Aggiunse che il referto radiografico non menzionava l'esistenza di una frattura inveterata e che
il quadro clinico descritto era rapportabile piuttosto ad una frattura recente. Osservò che M.C.
avrebbe dovuto comunque sottoporsi ad endoprotesi, cosicché il quadro clinico della paziente
non sarebbe stato aggravato dal presunto ritardo dell'operazione. In via subordinata, eccepì il
concorso di colpa di M.C., ai sensi dell'art. 1227, commi 1 e 2, cod. civ.
Esperito con esito negativo il tentativo di conciliazione, vennero ammesse ed assunte le prove
orali. Precisate le conclusioni all'udienza del giorno 26 maggio 2005, senza ammettere la consulenza tecnica d'ufficio, la causa venne rimessa in decisione norma dell'art. 190 cod. proc. civ.
essendo matura per la decisione.
Motivi della decisione
La domanda proposta da M.C. nei confronti delle due parti convenute va respinta.
Relativamente alla posizione dell'Immobiliare A. s.n.c., la norma applicabile al caso in esame è
l'art. 2051 cod. civ.: la responsabilità per il danno cagionato da cose in custodia presuppone che
il danno stesso sia stato prodotto dalla cosa, in relazione alla sua intrinseca pericolosità, tanto
originaria, quanto sopravvenuta, ancorché per l'intervento di agenti esterni. Pertanto, anche in
relazione alle cose prive di un dinamismo proprio, sussiste il dovere di custodia e controllo perché il fortuito o il fatto dell'uomo possono intervenire nel processo di produzione dell'evento
dannoso eccitando una caratteristica della cosa capace di conferirle l'idoneità al nocumento (cfr.
Cass. 23 ottobre 1990 n. 10277).
La responsabilità del custode, dunque, non è esclusa anche quando la cosa non sia intrinsecamente pericolosa perché la presunzione di cui all'art. 2051 cod. civ. trova fondamento sul rapporto oggettivo con la cosa custodita e prescinde dal carattere insidioso di questa, cioè dall'imprevedibilità ed invisibilità, carattere che non tocca al danneggiato dimostrare, cui incombe solo
l'onere di provare l'esistenza di un efficace nesso causale tra la cosa e l'evento, onere che assolve
con la "dimostrazione che l'evento si è prodotto come conseguenza normale della particolare
condizione, potenzialmente lesiva, originariamente posseduta, o successivamente assunta, dalla
cosa considerata nella sua globalità, e senza che risulti, altresì, necessaria la dimostrazione
dell'inesistenza di impulsi causali autonomi ed estranei alla sfera di controllo propria del custode
e, quindi, per lui inevitabili" (cfr. Cass. 6 agosto 1997 n. 7276 e Cass. 8 aprile 1997 n. 3041).

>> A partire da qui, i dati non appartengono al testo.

text \<open>Against a pure bid c of the opponent -i, a bid x earns -x below c and v(i) - x above
  it, so the only possible best responses of player i are 0 and c. A best response with two
  support points thus puts masses p, q > 0 on 0 and c and earns what the bid 0 earns, namely 0.
  Indifference at c forces the tie at c to be split, so v(i) = 2c, and c = B(i), since
  otherwise overbidding c would be profitable. The opponent earns v(-i) - c - q v(-i)/2 at c;
  undercutting c slightly earns almost p v(-i), whence q v(-i) \<ge> 2c, and overbidding c
  slightly wins outright, whence c = B(-i). Hence c = B(1) = B(2) = L.\<close>

text \<open>By Lindelof, the complement of the support is covered by countably many null
  open intervals.\<close>

lemma AE_in_supp:
  assumes "finite_measure M" "sets M = sets borel"
  shows "AE x in M. x \<in> supp M"
proof -
  define \<F> where "\<F> = {{a<..<b} | a b :: real. measure M {a<..<b} = 0}"
  have "\<And>S. S \<in> \<F> \<Longrightarrow> open S"
    unfolding \<F>_def by auto
  then obtain \<F>' where \<F>': "\<F>' \<subseteq> \<F>" "countable \<F>'" "\<Union>\<F>' = \<Union>\<F>"
    by (rule Lindelof)
  have "(\<Union>S\<in>\<F>'. S) \<in> null_sets M"
    using \<F>' assms unfolding \<F>_def
    by (intro null_sets_UN') (auto simp: null_sets_def finite_measure.emeasure_eq_measure)
  moreover have "- supp M \<subseteq> \<Union>\<F>"
  proof
    fix x assume "x \<in> - supp M"
    then obtain e where "e > 0" "\<not> measure M {x - e<..<x + e} > 0"
      unfolding supp_def by auto
    then show "x \<in> \<Union>\<F>"
      unfolding \<F>_def using measure_nonneg[of M "{x - e<..<x + e}"] by force
  qed
  ultimately show ?thesis
    using \<F>'(3) by (intro AE_I'[of "\<Union>\<F>'"]) auto
qed

lemma supp_subset_closed:
  assumes "sets M = sets borel" "AE x in M. x \<in> S" "closed S"
  shows "supp M \<subseteq> S"
proof
  fix x assume x: "x \<in> supp M"
  show "x \<in> S"
  proof (rule ccontr)
    assume "x \<notin> S"
    then obtain e where e: "e > 0" "ball x e \<subseteq> - S"
      using assms(3) open_contains_ball[of "- S"] by auto
    then have disjoint: "{x - e<..<x + e} \<subseteq> - S"
      by (simp add: ball_eq_greaterThanLessThan)
    have "AE y in M. y \<notin> {x - e<..<x + e}"
      using assms(2) by eventually_elim (use disjoint in blast)
    then have "{x - e<..<x + e} \<in> null_sets M"
      using assms(1) by (subst AE_iff_null_sets) auto
    then have "measure M {x - e<..<x + e} = 0"
      by (simp add: measure_def null_setsD1)
    then show False
      using x e(1) unfolding supp_def by auto
  qed
qed

lemma supp_nonempty:
  assumes "prob_space M" "sets M = sets borel"
  shows "supp M \<noteq> {}"
  using AE_in_supp[OF prob_space.finite_measure[OF assms(1)] assms(2)]
    prob_space.AE_False[OF assms(1)] by auto
(* Let $\epsilon>0$, $\delta\ge 0$, $n\ge1$, let $(\mathscr X,\mathscr B)$ be a measurable space, and let $\{\mu_i\}_{i\in I}$ be a set of exchangeable distributions on $\mathscr X^n$. Let $\phi:\mathscr X^n\to[0,1]$ be measurable and satisfy, for all $\underline X,\underline X'\in\mathscr X^n$ with $\delta(\underline X,\underline X')=1$, $$\phi_{\underline X}\le e^\epsilon\phi_{\underline X'}+\delta\quad\text{and}\quad 1-\phi_{\underline X}\le e^\epsilon(1-\phi_{\underline X'})+\delta. \qquad ( * )$$ Define $\phi':\mathscr X^n\to[0,1]$ by $\phi'_{\underline X}=\frac1{n!}\sum_{\pi\in\sigma(n)}\phi_{\pi(\underline X)}$, where $\sigma(n)$ is the symmetric group on $n$ letters acting by permuting coordinates. Then $\phi'$ satisfies $( * )$, $\int\phi'_{\underline X}\,d\mu_i=\int\phi_{\underline X}\,d\mu_i$ for all $i\in I$, and $\phi'$ depends on $\underline X$ only through its empirical distribution $\mathbb P_n$.
   Context: The Hamming distance on $\mathscr X^n$ is $\delta(\underline X,\underline X')=\#\{i:X_i\ne X'_i\}$. A distribution on $\mathscr X^n$ is exchangeable if it is invariant under permutations of coordinates. The empirical distribution of $\underline X=(X_1,\dots,X_n)$ is $\mathbb P_n(B)=\frac1n\sum_{i=1}^n I_B(X_i)$ for measurable $B\subseteq\mathscr X$; it determines $\underline X$ up to permutation. *)

theory Defs
  imports "HOL-Probability.Probability"
begin

definition prod_space :: "'a measure \<Rightarrow> nat \<Rightarrow> (nat \<Rightarrow> 'a) measure" where
  "prod_space M n = PiM {..<n} (\<lambda>_. M)"

definition hamming :: "nat \<Rightarrow> (nat \<Rightarrow> 'a) \<Rightarrow> (nat \<Rightarrow> 'a) \<Rightarrow> nat" where
  "hamming n x y = card {i \<in> {..<n}. x i \<noteq> y i}"

definition permute_coords :: "nat \<Rightarrow> (nat \<Rightarrow> nat) \<Rightarrow> (nat \<Rightarrow> 'a) \<Rightarrow> (nat \<Rightarrow> 'a)" where
  "permute_coords n \<pi> x = (\<lambda>j\<in>{..<n}. x (\<pi> j))"

definition exchangeable :: "'a measure \<Rightarrow> nat \<Rightarrow> (nat \<Rightarrow> 'a) measure \<Rightarrow> bool" where
  "exchangeable M n \<mu> \<longleftrightarrow> prob_space \<mu> \<and> sets \<mu> = sets (prod_space M n) \<and>
     (\<forall>\<pi>. \<pi> permutes {..<n} \<longrightarrow> distr \<mu> (prod_space M n) (permute_coords n \<pi>) = \<mu>)"

definition dp_test :: "'a measure \<Rightarrow> nat \<Rightarrow> real \<Rightarrow> real \<Rightarrow> ((nat \<Rightarrow> 'a) \<Rightarrow> real) \<Rightarrow> bool" where
  "dp_test M n \<epsilon> \<delta> \<phi> \<longleftrightarrow>
     (\<forall>x\<in>space (prod_space M n). \<forall>x'\<in>space (prod_space M n). hamming n x x' = 1 \<longrightarrow>
        \<phi> x \<le> exp \<epsilon> * \<phi> x' + \<delta> \<and> 1 - \<phi> x \<le> exp \<epsilon> * (1 - \<phi> x') + \<delta>)"

definition symmetrize :: "nat \<Rightarrow> ((nat \<Rightarrow> 'a) \<Rightarrow> real) \<Rightarrow> (nat \<Rightarrow> 'a) \<Rightarrow> real" where
  "symmetrize n \<phi> x = (1 / fact n) * (\<Sum>\<pi>\<in>{\<pi>. \<pi> permutes {..<n}}. \<phi> (permute_coords n \<pi> x))"

definition empirical :: "nat \<Rightarrow> (nat \<Rightarrow> 'a) \<Rightarrow> 'a set \<Rightarrow> real" where
  "empirical n x B = (1 / real n) * (\<Sum>i<n. indicator B (x i))"

end

theory Submission
  imports Defs "HOL-Combinatorics.Permutations"
begin

(* Permuting coordinates preserves the Hamming distance, so the two-sided (epsilon, delta)
   condition holds for every summand of phi' and survives averaging; exchangeability
   gives every summand the integral of phi.  Two samples with the same empirical
   distribution become, after a permutation, coordinatewise inseparable by measurable
   sets; no measurable function on X^n separates such points, and phi' is invariant
   under permutations. *)

lemma permute_coords_in_space:
  assumes "\<pi> permutes {..<n}" and "x \<in> space (prod_space M n)"
  shows "permute_coords n \<pi> x \<in> space (prod_space M n)"
  using assms permutes_in_image[OF assms(1)]
  by (auto simp: prod_space_def space_PiM permute_coords_def PiE_iff)

lemma measurable_permute_coords:
  assumes "\<pi> permutes {..<n}"
  shows "permute_coords n \<pi> \<in> measurable (prod_space M n) (prod_space M n)"
  unfolding prod_space_def permute_coords_def
  by (rule measurable_restrict) (use permutes_in_image[OF assms] in auto)

lemma permute_coords_permute_coords:
  assumes "\<pi> permutes {..<n}"
  shows "permute_coords n \<pi> (permute_coords n p x) = permute_coords n (p \<circ> \<pi>) x"
proof -
  have "\<pi> j < n" if "j < n" for j using permutes_in_image[OF assms] that by simp
  then show ?thesis by (simp add: permute_coords_def fun_eq_iff)
qed

lemma hamming_permute_coords:
  assumes "\<pi> permutes {..<n}"
  shows "hamming n (permute_coords n \<pi> x) (permute_coords n \<pi> y) = hamming n x y"
proof -
  let ?D = "{i \<in> {..<n}. x (\<pi> i) \<noteq> y (\<pi> i)}"
  have "\<pi> ` ?D = {j \<in> \<pi> ` {..<n}. x j \<noteq> y j}" by auto
  also have "\<dots> = {j \<in> {..<n}. x j \<noteq> y j}" by (simp add: permutes_image[OF assms])
  finally have "card ?D = hamming n x y"
    unfolding hamming_def using card_image[OF permutes_inj_on[OF assms], of ?D] by simp
  moreover have "{i \<in> {..<n}. permute_coords n \<pi> x i \<noteq> permute_coords n \<pi> y i} = ?D"
    by (auto simp: permute_coords_def)
  ultimately show ?thesis by (simp add: hamming_def)
qed

lemma card_permutations_lessThan: "card {\<pi>. \<pi> permutes {..<n}} = fact n"
  using card_permutations[of "{..<n}" n] by simp

lemma symmetrize_mono:
  assumes "\<And>\<pi>. \<pi> permutes {..<n} \<Longrightarrow> f (permute_coords n \<pi> x) \<le> g (permute_coords n \<pi> y)"
  shows "symmetrize n f x \<le> symmetrize n g y"
  unfolding symmetrize_def using assms by (intro mult_left_mono sum_mono) auto

lemma symmetrize_affine: "symmetrize n (\<lambda>z. a * f z + b) x = a * symmetrize n f x + b"
  by (simp add: symmetrize_def sum.distrib sum_distrib_left card_permutations_lessThan
      field_simps)

lemma symmetrize_const: "symmetrize n (\<lambda>_. c) x = c"
  using symmetrize_affine[of n 0 "\<lambda>_. 0" c x] by simp

lemma symmetrize_one_minus: "symmetrize n (\<lambda>z. 1 - f z) x = 1 - symmetrize n f x"
  using symmetrize_affine[of n "-1" f 1 x] by simp

lemma measurable_symmetrize:
  assumes "\<phi> \<in> borel_measurable (prod_space M n)"
  shows "symmetrize n \<phi> \<in> borel_measurable (prod_space M n)"
  unfolding symmetrize_def[abs_def]
  by (intro borel_measurable_times borel_measurable_const borel_measurable_sum
      measurable_compose[OF measurable_permute_coords assms]) simp

lemma symmetrize_permute_coords:
  assumes "p permutes {..<n}"
  shows "symmetrize n \<phi> (permute_coords n p x) = symmetrize n \<phi> x"
proof -
  have "(\<Sum>\<pi>\<in>{\<pi>. \<pi> permutes {..<n}}. \<phi> (permute_coords n \<pi> (permute_coords n p x)))
      = (\<Sum>\<pi>\<in>{\<pi>. \<pi> permutes {..<n}}. \<phi> (permute_coords n (p \<circ> \<pi>) x))"
    by (intro sum.cong) (simp_all add: permute_coords_permute_coords)
  also have "\<dots> = (\<Sum>\<pi>\<in>{\<pi>. \<pi> permutes {..<n}}. \<phi> (permute_coords n \<pi> x))"
    by (rule setum_permutations_compose_left[OF assms, symmetric])
  finally show ?thesis by (simp add: symmetrize_def)
qed

lemma symmetrize_bounds:
  assumes "\<And>z. z \<in> space (prod_space M n) \<Longrightarrow> a \<le> \<phi> z \<and> \<phi> z \<le> b"
    and "x \<in> space (prod_space M n)"
  shows "a \<le> symmetrize n \<phi> x \<and> symmetrize n \<phi> x \<le> b"
proof -
  have "a \<le> \<phi> (permute_coords n \<pi> x) \<and> \<phi> (permute_coords n \<pi> x) \<le> b" if "\<pi> permutes {..<n}" for \<pi>
    using assms(1) permute_coords_in_space[OF that assms(2)] by blast
  then have "symmetrize n (\<lambda>_. a) x \<le> symmetrize n \<phi> x" "symmetrize n \<phi> x \<le> symmetrize n (\<lambda>_. b) x"
    by (auto intro: symmetrize_mono)
  then show ?thesis by (simp add: symmetrize_const)
qed

lemma dp_test_symmetrize:
  assumes "dp_test M n \<epsilon> \<delta> \<phi>"
  shows "dp_test M n \<epsilon> \<delta> (symmetrize n \<phi>)"
  unfolding dp_test_def
proof (intro ballI impI)
  fix x x' assume x: "x \<in> space (prod_space M n)" and x': "x' \<in> space (prod_space M n)"
    and "hamming n x x' = 1"
  then have "\<phi> (permute_coords n \<pi> x) \<le> exp \<epsilon> * \<phi> (permute_coords n \<pi> x') + \<delta>
      \<and> 1 - \<phi> (permute_coords n \<pi> x) \<le> exp \<epsilon> * (1 - \<phi> (permute_coords n \<pi> x')) + \<delta>"
    if "\<pi> permutes {..<n}" for \<pi>
    using assms permute_coords_in_space[OF that] hamming_permute_coords[OF that]
    unfolding dp_test_def by metis
  then have "symmetrize n \<phi> x \<le> symmetrize n (\<lambda>z. exp \<epsilon> * \<phi> z + \<delta>) x'"
    and "symmetrize n (\<lambda>z. 1 - \<phi> z) x \<le> symmetrize n (\<lambda>z. exp \<epsilon> * (1 - \<phi> z) + \<delta>) x'"
    by (auto intro: symmetrize_mono)
  then show "symmetrize n \<phi> x \<le> exp \<epsilon> * symmetrize n \<phi> x' + \<delta>
      \<and> 1 - symmetrize n \<phi> x \<le> exp \<epsilon> * (1 - symmetrize n \<phi> x') + \<delta>"
    by (simp add: symmetrize_affine symmetrize_one_minus)
qed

Nella fattispecie, l'istruttoria non ha chiarito l'esatta dinamica dell'accaduto e, pertanto, manca la
prova che la caduta sia stata determinata dal gradino. Il testimone G.S., figlio dell'attrice, ha dichiarato che la madre era scivolata sul gradino che costituisce la soglia d'ingresso allo studio
medico, precisando, tuttavia, che egli si trovava davanti alla madre, voltandole le spalle. Il marito, A.S., ha affermato che la moglie non si era accorta che i gradini erano due ed era caduta.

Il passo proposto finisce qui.